*Requirement*:
Reproduce, without any change, the span of lines from the opening of the records below to the line containing "theory Defs", inclusive.

Top of Extracted information

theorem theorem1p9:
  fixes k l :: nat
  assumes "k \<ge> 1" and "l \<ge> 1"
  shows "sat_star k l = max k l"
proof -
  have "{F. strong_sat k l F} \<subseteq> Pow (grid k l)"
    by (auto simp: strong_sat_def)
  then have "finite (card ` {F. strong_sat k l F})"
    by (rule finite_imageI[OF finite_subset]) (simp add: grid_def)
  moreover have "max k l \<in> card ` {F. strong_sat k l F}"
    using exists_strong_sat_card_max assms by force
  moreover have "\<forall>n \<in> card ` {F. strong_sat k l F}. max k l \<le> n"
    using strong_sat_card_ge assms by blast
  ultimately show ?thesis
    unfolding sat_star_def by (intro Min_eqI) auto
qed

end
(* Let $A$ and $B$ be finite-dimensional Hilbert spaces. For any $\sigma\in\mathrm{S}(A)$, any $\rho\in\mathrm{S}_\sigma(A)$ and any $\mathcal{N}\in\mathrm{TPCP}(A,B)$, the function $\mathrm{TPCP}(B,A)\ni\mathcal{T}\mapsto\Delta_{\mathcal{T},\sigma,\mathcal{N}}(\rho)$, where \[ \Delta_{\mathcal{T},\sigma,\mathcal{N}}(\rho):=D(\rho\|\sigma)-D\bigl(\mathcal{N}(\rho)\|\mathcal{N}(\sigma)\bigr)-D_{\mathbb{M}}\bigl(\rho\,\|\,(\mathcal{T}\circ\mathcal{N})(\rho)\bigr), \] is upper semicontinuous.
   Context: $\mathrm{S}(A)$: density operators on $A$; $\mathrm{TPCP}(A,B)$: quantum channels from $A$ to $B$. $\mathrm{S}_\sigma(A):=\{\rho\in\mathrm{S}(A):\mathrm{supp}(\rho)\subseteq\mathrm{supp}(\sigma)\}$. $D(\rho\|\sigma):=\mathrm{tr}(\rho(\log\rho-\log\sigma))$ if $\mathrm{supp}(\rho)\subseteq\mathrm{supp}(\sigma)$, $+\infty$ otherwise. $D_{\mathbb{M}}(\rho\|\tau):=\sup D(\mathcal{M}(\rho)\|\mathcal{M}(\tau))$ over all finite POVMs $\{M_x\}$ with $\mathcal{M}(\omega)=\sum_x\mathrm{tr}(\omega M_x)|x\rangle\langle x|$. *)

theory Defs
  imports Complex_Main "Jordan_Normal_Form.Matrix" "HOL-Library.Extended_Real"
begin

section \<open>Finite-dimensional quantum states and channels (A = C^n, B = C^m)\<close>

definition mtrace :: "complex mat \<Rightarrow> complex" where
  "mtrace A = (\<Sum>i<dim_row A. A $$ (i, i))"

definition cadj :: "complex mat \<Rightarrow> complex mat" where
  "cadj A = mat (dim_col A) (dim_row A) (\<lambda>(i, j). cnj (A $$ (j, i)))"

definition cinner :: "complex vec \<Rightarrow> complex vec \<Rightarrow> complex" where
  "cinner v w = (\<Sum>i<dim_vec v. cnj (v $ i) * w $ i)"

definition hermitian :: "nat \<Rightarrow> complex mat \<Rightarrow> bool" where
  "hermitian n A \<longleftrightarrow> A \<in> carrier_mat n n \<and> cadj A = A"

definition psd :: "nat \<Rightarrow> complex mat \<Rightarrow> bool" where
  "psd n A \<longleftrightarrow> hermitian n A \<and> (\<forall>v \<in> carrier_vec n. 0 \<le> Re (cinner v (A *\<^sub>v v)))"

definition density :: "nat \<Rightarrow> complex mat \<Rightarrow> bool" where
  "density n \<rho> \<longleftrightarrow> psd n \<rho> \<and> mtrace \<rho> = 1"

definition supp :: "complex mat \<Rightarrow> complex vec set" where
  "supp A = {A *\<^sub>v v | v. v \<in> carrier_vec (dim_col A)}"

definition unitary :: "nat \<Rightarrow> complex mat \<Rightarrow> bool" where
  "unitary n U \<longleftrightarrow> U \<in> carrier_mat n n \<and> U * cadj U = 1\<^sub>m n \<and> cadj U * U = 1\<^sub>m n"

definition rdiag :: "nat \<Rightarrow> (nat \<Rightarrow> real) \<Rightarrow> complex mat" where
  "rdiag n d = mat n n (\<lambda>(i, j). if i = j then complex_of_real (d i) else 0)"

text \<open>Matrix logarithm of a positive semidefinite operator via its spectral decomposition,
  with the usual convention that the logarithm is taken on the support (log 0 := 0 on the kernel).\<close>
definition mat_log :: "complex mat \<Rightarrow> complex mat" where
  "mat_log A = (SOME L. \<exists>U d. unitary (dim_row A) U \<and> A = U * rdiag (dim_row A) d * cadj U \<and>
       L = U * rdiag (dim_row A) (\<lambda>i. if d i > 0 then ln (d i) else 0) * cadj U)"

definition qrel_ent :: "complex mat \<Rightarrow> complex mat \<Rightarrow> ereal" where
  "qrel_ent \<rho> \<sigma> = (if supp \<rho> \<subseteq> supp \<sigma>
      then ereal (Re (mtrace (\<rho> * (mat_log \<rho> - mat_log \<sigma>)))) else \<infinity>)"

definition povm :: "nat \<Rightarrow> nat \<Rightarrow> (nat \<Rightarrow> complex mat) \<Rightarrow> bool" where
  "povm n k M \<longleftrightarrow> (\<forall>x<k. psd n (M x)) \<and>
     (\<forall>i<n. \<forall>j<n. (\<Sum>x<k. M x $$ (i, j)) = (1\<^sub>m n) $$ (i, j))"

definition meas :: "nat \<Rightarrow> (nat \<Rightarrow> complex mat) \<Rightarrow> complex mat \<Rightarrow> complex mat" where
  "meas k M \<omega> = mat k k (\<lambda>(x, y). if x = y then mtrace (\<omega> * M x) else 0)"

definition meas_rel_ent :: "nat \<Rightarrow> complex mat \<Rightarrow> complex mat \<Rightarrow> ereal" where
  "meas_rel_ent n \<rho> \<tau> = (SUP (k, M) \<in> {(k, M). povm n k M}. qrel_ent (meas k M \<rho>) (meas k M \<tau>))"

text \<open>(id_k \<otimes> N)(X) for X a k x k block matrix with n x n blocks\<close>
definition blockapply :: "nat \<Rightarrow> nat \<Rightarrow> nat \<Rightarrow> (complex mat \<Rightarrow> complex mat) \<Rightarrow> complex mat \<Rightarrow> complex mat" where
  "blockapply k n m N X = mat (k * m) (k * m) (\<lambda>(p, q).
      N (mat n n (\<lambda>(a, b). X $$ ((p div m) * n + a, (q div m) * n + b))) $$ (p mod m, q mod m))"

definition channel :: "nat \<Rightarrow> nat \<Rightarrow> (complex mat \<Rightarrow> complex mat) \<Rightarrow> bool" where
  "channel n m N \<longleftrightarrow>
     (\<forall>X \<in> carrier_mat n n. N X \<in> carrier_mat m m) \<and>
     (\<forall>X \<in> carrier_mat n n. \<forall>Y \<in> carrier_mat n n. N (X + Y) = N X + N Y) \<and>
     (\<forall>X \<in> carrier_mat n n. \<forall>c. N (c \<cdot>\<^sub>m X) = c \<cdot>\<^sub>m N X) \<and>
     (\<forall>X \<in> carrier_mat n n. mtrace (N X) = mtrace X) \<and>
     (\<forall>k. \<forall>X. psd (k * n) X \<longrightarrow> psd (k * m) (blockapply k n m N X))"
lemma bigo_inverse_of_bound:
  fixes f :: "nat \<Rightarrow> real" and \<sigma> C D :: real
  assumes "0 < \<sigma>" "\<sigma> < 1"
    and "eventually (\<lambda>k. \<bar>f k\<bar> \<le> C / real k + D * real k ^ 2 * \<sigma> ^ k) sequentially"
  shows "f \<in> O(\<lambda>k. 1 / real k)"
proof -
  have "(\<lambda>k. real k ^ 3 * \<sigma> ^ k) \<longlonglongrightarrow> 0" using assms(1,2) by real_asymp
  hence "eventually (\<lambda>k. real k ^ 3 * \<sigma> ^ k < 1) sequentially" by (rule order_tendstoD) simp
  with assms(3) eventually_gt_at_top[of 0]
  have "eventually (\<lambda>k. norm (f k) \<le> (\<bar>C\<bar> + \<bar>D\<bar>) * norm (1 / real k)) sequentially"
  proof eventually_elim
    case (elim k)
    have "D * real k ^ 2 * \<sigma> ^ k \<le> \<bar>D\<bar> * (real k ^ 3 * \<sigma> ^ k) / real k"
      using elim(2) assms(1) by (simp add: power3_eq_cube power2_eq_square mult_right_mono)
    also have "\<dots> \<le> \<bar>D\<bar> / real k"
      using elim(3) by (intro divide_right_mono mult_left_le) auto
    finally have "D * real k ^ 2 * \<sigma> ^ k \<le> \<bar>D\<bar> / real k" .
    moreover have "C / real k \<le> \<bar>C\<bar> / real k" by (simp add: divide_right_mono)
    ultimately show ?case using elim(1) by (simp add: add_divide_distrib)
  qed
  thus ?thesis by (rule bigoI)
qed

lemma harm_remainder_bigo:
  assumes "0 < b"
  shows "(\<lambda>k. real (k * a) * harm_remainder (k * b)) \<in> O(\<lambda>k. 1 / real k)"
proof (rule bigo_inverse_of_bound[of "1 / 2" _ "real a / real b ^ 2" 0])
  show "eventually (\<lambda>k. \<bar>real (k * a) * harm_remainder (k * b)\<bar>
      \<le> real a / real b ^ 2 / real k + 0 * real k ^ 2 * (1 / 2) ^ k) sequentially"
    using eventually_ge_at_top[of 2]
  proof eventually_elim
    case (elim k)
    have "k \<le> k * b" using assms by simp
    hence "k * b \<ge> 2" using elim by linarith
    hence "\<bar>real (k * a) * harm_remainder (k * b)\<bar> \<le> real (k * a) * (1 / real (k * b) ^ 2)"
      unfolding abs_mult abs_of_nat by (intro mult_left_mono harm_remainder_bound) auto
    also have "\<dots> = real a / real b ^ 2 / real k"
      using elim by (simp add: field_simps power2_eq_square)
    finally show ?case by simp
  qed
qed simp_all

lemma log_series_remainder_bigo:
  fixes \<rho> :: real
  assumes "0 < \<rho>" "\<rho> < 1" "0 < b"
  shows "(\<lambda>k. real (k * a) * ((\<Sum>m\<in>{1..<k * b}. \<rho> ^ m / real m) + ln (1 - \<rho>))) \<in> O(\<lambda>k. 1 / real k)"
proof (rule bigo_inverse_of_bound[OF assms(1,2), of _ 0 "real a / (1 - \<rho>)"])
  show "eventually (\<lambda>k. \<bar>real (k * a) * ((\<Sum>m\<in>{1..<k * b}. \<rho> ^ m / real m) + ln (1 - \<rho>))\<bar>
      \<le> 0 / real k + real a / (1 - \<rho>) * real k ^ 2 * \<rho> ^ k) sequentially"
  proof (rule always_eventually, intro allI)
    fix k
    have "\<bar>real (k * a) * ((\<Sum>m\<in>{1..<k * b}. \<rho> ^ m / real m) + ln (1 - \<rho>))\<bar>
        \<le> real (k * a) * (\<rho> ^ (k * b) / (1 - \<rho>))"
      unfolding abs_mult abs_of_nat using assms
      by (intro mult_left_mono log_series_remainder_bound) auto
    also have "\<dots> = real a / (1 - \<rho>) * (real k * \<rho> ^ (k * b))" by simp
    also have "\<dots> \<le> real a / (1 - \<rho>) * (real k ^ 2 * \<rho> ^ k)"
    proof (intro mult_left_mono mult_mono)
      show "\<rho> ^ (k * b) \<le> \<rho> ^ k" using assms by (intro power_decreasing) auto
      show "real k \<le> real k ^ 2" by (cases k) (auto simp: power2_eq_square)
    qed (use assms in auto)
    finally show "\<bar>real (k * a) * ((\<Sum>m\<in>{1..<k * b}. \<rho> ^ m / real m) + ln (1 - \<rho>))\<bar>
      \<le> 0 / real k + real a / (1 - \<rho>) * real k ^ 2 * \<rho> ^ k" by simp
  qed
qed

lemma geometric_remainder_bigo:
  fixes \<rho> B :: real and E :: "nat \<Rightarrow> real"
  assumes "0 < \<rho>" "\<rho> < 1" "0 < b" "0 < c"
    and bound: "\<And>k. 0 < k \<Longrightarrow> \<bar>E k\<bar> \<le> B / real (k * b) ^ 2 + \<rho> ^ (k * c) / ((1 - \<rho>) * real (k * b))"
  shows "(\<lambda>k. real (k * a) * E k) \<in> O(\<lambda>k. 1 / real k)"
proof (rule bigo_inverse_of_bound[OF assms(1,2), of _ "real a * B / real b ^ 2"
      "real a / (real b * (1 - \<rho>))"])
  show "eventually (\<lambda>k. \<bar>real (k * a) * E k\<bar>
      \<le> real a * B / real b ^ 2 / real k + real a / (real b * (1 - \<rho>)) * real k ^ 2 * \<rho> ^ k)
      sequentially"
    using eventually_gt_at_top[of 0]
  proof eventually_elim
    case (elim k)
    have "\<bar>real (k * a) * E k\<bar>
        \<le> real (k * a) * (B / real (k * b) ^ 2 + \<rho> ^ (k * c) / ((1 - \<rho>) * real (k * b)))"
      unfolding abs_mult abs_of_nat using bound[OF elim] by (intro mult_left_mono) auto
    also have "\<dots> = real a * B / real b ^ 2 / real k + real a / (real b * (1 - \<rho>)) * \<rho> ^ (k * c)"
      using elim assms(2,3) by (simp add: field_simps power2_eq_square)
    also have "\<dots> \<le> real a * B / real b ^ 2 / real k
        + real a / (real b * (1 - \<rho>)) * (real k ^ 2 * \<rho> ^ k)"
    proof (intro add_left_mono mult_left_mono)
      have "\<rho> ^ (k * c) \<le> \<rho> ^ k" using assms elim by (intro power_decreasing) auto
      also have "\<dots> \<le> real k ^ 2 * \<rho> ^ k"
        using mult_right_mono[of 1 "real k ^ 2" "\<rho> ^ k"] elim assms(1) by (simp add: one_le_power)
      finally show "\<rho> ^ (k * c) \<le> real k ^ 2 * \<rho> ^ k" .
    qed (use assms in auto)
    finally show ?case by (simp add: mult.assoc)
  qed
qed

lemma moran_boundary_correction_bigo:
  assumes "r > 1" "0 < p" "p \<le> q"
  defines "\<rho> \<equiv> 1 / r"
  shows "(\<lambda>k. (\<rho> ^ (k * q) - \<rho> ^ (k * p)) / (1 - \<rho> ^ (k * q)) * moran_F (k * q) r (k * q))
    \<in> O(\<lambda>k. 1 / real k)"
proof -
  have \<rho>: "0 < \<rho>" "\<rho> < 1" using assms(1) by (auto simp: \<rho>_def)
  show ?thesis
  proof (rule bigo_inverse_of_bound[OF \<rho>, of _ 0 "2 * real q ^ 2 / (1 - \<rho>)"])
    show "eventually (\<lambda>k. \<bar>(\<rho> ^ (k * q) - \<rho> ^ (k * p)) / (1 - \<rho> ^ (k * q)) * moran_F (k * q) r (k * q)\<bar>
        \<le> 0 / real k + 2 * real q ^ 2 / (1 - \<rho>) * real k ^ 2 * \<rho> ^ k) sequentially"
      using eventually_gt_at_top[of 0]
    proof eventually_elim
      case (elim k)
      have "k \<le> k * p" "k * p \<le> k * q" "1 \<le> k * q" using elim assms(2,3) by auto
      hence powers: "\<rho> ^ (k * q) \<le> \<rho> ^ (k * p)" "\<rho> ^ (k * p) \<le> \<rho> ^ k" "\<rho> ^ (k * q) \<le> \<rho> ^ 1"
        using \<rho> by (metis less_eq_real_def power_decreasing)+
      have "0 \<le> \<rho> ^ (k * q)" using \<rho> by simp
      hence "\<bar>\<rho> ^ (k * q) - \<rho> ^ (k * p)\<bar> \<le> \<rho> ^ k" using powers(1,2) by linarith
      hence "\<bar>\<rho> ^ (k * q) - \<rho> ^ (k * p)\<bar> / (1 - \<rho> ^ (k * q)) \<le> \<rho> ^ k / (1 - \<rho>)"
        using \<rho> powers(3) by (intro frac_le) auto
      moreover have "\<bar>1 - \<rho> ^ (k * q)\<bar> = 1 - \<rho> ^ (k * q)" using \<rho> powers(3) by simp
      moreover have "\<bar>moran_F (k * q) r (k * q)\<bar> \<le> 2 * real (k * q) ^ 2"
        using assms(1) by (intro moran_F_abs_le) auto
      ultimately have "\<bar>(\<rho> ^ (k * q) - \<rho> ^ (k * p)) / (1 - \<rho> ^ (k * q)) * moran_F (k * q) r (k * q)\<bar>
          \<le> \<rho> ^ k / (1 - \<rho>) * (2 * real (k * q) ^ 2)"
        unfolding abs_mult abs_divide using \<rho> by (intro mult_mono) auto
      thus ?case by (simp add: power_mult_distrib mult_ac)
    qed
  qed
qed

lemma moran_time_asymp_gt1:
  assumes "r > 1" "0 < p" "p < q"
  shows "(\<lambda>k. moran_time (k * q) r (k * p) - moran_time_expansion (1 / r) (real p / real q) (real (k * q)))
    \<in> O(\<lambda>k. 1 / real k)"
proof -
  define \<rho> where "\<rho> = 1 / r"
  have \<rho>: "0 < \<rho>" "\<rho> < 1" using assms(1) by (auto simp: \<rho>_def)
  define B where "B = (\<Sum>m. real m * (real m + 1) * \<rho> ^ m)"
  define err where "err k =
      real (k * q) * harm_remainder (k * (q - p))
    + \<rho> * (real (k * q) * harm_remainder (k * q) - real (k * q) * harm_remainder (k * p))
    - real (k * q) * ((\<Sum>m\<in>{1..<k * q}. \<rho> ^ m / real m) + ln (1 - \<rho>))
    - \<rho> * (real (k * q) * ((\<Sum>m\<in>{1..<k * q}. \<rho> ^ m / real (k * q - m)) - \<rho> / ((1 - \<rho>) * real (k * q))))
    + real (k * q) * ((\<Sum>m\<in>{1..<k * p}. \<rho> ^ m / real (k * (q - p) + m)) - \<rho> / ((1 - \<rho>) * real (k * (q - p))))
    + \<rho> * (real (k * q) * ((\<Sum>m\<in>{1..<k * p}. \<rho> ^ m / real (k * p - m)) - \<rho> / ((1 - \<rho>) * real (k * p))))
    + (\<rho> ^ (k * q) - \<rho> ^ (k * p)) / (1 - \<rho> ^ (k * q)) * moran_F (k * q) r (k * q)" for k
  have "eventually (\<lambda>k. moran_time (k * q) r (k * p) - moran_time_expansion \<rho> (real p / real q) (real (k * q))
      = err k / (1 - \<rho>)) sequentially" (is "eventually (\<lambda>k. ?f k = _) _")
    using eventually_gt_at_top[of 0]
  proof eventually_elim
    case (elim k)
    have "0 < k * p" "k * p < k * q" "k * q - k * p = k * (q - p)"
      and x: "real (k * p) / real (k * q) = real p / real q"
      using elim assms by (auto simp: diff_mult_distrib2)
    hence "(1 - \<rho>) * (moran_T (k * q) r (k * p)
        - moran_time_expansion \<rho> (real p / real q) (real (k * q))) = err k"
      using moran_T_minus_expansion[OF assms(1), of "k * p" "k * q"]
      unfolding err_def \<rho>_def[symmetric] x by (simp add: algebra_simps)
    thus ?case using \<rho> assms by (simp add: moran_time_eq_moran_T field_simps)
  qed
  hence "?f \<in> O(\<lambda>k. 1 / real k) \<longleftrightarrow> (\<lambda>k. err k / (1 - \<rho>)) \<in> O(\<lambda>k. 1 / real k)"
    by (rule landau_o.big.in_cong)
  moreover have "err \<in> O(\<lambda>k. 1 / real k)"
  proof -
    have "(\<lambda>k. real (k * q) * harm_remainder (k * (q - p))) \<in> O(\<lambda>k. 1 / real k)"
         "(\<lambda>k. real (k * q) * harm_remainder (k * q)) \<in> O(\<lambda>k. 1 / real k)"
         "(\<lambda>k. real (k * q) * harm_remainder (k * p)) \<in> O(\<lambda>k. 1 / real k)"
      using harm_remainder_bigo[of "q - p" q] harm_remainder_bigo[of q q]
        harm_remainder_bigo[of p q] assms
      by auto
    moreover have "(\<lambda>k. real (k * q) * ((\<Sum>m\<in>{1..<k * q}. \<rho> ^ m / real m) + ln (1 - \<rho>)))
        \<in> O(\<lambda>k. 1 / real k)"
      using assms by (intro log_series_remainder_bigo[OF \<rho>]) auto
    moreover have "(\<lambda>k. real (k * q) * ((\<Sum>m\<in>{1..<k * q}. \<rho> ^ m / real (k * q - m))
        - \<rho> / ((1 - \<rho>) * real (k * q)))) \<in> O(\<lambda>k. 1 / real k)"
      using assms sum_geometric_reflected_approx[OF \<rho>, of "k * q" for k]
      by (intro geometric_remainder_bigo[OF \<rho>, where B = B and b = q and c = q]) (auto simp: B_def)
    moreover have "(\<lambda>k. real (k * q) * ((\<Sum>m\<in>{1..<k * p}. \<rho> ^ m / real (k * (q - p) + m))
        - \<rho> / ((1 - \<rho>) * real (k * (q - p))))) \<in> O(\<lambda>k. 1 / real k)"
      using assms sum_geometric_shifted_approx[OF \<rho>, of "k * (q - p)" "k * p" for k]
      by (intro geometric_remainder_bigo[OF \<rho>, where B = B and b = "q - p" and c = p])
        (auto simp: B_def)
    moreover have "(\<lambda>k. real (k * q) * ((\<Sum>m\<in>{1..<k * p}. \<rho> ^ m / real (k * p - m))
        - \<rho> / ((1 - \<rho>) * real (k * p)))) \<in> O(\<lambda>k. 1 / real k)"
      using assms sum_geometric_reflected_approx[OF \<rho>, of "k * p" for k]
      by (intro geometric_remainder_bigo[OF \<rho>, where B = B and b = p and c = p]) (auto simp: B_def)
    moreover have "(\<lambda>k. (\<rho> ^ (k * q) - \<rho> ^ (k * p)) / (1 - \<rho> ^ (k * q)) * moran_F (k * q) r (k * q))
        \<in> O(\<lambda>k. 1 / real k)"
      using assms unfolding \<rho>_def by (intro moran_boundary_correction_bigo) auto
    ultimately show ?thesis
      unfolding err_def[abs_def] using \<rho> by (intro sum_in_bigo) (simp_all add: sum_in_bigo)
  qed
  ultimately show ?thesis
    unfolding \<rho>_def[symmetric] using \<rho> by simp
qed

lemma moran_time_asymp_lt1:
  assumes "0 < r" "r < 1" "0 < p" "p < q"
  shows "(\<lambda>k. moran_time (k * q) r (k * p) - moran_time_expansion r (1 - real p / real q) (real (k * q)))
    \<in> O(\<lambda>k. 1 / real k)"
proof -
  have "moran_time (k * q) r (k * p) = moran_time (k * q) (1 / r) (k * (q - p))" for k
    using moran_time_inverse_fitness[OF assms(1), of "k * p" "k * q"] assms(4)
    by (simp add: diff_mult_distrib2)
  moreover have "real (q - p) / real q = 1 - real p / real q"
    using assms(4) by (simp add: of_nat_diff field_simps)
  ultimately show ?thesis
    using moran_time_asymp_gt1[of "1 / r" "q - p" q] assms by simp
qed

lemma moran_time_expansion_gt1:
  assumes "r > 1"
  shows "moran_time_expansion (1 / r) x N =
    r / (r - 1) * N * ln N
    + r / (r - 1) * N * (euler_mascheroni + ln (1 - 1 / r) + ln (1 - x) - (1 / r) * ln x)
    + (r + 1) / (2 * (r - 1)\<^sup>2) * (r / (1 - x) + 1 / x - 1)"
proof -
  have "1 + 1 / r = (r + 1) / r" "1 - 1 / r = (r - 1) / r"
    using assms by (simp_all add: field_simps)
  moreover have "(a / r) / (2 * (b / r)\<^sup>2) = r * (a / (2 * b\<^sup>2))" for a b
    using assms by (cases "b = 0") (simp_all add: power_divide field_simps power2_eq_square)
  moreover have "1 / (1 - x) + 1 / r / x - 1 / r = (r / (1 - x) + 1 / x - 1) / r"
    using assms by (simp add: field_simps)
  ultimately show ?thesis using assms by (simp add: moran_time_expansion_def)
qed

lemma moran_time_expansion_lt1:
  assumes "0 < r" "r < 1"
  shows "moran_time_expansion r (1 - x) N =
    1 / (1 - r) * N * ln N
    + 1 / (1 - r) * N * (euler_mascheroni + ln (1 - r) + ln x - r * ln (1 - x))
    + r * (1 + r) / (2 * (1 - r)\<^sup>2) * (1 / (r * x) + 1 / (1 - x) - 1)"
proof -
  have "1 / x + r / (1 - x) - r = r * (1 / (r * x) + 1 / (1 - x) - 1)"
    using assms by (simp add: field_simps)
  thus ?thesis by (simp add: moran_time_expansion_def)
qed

Bottom of Extracted information

*Exercise output*:
theorem theorem1p9:
  fixes k l :: nat
  assumes "k \<ge> 1" and "l \<ge> 1"
  shows "sat_star k l = max k l"
proof -
  have "{F. strong_sat k l F} \<subseteq> Pow (grid k l)"
    by (auto simp: strong_sat_def)
  then have "finite (card ` {F. strong_sat k l F})"
    by (rule finite_imageI[OF finite_subset]) (simp add: grid_def)
  moreover have "max k l \<in> card ` {F. strong_sat k l F}"
    using exists_strong_sat_card_max assms by force
  moreover have "\<forall>n \<in> card ` {F. strong_sat k l F}. max k l \<le> n"
    using strong_sat_card_ge assms by blast
  ultimately show ?thesis
    unfolding sat_star_def by (intro Min_eqI) auto
qed

end
(* Let $A$ and $B$ be finite-dimensional Hilbert spaces. For any $\sigma\in\mathrm{S}(A)$, any $\rho\in\mathrm{S}_\sigma(A)$ and any $\mathcal{N}\in\mathrm{TPCP}(A,B)$, the function $\mathrm{TPCP}(B,A)\ni\mathcal{T}\mapsto\Delta_{\mathcal{T},\sigma,\mathcal{N}}(\rho)$, where \[ \Delta_{\mathcal{T},\sigma,\mathcal{N}}(\rho):=D(\rho\|\sigma)-D\bigl(\mathcal{N}(\rho)\|\mathcal{N}(\sigma)\bigr)-D_{\mathbb{M}}\bigl(\rho\,\|\,(\mathcal{T}\circ\mathcal{N})(\rho)\bigr), \] is upper semicontinuous.
   Context: $\mathrm{S}(A)$: density operators on $A$; $\mathrm{TPCP}(A,B)$: quantum channels from $A$ to $B$. $\mathrm{S}_\sigma(A):=\{\rho\in\mathrm{S}(A):\mathrm{supp}(\rho)\subseteq\mathrm{supp}(\sigma)\}$. $D(\rho\|\sigma):=\mathrm{tr}(\rho(\log\rho-\log\sigma))$ if $\mathrm{supp}(\rho)\subseteq\mathrm{supp}(\sigma)$, $+\infty$ otherwise. $D_{\mathbb{M}}(\rho\|\tau):=\sup D(\mathcal{M}(\rho)\|\mathcal{M}(\tau))$ over all finite POVMs $\{M_x\}$ with $\mathcal{M}(\omega)=\sum_x\mathrm{tr}(\omega M_x)|x\rangle\langle x|$. *)

theory Defs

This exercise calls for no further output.